*Aim of the task:* From the entries below, output the line with "using epoch by simp" and each following line up to and including the line with "using alpha_pos step_size", exactly as written.

[Saved entries]
********
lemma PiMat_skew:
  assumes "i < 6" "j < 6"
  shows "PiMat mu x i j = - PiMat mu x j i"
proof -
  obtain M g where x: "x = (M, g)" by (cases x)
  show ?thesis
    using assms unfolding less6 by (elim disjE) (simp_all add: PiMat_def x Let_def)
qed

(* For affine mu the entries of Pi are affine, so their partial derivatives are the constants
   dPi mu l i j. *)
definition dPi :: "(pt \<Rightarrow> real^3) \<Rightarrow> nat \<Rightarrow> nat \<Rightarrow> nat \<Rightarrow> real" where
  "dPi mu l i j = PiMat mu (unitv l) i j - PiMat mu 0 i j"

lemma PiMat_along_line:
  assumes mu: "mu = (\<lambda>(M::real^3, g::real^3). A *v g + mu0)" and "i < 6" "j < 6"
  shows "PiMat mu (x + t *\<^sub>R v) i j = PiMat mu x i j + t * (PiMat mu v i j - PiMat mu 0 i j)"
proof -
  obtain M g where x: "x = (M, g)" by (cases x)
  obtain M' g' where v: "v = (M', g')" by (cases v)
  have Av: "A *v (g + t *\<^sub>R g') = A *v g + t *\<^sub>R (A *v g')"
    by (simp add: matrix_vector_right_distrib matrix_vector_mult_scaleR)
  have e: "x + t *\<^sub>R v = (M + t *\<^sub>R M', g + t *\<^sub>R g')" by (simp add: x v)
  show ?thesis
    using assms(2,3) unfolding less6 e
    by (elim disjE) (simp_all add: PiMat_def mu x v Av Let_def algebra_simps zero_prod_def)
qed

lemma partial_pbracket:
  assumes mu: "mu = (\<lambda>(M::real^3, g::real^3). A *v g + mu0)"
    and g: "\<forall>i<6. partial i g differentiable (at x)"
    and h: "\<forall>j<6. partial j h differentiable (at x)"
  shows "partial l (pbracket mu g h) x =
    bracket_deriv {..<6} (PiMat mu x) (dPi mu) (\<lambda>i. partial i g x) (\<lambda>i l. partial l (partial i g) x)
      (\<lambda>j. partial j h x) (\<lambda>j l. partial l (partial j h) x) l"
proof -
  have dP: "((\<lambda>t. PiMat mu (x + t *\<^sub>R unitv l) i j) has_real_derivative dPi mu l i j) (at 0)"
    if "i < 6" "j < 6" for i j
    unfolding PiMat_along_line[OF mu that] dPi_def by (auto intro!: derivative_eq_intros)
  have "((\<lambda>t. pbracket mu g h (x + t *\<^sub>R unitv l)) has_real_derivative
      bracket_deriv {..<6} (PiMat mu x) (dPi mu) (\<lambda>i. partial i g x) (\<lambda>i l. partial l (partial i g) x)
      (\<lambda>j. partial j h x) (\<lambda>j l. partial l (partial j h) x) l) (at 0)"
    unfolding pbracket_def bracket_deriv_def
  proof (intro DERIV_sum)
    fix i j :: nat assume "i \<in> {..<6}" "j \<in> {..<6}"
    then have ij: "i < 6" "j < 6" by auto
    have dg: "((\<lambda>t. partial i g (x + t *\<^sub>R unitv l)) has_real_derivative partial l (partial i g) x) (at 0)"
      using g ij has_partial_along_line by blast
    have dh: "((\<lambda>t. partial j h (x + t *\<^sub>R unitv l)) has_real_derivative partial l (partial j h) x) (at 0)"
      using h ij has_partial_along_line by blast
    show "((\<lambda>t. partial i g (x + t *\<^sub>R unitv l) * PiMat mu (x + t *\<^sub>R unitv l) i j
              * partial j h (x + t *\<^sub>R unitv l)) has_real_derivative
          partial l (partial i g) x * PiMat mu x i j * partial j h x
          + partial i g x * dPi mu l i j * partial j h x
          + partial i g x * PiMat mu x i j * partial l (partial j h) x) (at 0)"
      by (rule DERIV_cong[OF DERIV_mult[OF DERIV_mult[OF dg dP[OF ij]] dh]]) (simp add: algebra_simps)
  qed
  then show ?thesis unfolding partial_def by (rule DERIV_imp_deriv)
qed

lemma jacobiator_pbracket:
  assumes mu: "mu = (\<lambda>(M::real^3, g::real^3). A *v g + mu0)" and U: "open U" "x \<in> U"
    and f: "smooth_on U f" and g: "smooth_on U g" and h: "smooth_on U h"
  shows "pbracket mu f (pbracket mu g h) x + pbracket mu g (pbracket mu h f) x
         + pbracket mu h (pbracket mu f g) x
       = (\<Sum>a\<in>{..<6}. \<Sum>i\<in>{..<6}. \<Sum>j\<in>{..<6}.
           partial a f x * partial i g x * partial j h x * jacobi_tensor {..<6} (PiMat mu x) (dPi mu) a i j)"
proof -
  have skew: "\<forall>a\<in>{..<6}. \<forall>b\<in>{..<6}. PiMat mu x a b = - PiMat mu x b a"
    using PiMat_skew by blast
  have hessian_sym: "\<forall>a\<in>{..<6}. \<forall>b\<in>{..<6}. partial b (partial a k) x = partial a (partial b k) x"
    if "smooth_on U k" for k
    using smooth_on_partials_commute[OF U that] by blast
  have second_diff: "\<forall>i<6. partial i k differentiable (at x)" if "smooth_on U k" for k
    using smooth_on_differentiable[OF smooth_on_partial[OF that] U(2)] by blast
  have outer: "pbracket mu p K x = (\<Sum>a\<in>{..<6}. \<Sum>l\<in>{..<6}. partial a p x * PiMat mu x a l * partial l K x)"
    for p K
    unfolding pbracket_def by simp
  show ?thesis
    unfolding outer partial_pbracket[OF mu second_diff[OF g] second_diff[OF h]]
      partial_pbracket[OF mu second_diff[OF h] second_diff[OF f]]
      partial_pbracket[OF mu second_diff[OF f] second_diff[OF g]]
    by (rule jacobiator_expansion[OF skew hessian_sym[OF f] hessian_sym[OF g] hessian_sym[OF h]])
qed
********
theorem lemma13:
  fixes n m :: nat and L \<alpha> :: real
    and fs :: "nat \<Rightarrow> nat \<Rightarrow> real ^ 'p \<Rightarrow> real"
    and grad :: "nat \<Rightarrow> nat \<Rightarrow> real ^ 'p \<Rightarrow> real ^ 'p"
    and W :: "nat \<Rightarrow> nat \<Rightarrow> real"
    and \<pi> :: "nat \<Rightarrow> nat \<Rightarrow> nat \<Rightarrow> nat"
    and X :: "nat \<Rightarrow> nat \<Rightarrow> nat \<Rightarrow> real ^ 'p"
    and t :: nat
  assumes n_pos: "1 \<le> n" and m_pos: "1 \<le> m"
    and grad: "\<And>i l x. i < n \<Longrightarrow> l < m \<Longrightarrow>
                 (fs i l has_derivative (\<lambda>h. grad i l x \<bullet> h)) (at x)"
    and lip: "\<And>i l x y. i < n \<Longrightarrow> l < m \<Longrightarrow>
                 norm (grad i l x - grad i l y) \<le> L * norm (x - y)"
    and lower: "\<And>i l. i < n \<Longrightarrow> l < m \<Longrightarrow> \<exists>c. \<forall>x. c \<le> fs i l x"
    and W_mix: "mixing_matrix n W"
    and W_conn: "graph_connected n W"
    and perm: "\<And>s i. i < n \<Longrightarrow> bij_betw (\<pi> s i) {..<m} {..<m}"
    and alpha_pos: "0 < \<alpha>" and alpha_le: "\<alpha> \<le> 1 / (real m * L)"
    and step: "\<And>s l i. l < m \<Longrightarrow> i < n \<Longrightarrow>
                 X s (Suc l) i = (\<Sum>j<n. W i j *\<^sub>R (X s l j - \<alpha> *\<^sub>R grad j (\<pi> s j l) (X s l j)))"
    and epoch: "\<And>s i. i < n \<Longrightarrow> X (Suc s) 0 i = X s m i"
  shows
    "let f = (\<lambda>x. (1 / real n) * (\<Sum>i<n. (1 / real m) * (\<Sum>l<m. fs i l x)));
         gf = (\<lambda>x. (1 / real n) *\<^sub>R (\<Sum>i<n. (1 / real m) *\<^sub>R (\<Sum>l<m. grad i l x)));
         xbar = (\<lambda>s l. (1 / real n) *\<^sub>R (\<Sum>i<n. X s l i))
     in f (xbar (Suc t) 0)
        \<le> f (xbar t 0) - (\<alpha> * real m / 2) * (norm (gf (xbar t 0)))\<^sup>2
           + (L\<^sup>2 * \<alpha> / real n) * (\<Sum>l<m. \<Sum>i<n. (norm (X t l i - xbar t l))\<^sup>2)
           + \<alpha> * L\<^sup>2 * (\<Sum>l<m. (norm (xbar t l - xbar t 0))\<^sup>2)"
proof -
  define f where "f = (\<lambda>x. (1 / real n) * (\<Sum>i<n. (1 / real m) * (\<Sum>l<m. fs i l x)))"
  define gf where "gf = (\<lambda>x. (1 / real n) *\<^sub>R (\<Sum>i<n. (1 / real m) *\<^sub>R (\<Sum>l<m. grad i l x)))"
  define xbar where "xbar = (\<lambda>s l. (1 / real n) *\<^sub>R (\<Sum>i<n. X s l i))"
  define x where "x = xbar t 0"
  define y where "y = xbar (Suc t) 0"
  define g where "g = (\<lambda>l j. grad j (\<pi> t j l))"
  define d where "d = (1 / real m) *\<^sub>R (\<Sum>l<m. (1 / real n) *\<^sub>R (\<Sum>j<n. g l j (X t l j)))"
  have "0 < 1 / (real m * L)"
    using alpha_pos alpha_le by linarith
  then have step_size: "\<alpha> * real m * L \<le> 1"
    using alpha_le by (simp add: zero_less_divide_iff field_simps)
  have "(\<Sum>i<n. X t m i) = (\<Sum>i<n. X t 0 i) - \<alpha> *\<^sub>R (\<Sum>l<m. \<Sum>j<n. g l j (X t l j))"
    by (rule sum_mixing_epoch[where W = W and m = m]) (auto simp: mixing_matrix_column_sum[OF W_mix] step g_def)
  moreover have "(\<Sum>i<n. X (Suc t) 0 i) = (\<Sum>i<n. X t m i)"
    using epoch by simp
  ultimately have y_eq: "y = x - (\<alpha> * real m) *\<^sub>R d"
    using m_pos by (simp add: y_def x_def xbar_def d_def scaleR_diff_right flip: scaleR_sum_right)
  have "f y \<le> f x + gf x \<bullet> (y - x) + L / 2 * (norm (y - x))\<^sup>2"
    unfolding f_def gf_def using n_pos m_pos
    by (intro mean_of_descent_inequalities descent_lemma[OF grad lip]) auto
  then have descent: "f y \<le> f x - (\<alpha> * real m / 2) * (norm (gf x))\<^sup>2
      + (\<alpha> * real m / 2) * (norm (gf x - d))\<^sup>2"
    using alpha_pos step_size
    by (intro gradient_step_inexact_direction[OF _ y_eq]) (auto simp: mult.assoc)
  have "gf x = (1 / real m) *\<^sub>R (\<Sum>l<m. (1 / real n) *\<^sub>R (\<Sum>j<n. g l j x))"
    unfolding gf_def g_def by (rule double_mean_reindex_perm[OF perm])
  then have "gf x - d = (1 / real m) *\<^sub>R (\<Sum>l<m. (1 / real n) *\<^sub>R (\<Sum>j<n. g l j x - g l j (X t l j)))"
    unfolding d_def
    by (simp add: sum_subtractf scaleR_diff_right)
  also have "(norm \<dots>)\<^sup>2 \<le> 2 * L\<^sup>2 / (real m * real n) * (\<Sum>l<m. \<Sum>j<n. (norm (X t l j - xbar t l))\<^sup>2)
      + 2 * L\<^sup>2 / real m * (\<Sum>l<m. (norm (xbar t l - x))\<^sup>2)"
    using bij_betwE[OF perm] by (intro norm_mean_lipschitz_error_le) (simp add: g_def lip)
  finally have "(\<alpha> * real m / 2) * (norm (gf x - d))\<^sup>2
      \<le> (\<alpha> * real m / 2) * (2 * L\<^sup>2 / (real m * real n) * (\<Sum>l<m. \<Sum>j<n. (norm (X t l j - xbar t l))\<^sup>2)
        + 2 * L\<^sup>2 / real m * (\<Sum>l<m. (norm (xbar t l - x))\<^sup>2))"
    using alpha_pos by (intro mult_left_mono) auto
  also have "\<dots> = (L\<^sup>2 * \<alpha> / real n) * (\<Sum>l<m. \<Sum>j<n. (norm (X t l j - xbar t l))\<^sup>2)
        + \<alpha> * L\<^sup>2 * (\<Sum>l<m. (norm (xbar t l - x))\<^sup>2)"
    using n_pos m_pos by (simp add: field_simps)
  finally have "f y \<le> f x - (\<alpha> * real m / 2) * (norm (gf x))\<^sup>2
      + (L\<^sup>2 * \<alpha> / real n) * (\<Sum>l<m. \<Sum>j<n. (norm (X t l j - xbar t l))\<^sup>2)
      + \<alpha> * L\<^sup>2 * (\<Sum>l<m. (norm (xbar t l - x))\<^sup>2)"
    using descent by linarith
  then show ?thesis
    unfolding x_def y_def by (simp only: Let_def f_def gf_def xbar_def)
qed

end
********
*Completed exercise:*
    using epoch by simp
  ultimately have y_eq: "y = x - (\<alpha> * real m) *\<^sub>R d"
    using m_pos by (simp add: y_def x_def xbar_def d_def scaleR_diff_right flip: scaleR_sum_right)
  have "f y \<le> f x + gf x \<bullet> (y - x) + L / 2 * (norm (y - x))\<^sup>2"
    unfolding f_def gf_def using n_pos m_pos
    by (intro mean_of_descent_inequalities descent_lemma[OF grad lip]) auto
  then have descent: "f y \<le> f x - (\<alpha> * real m / 2) * (norm (gf x))\<^sup>2
      + (\<alpha> * real m / 2) * (norm (gf x - d))\<^sup>2"
    using alpha_pos step_size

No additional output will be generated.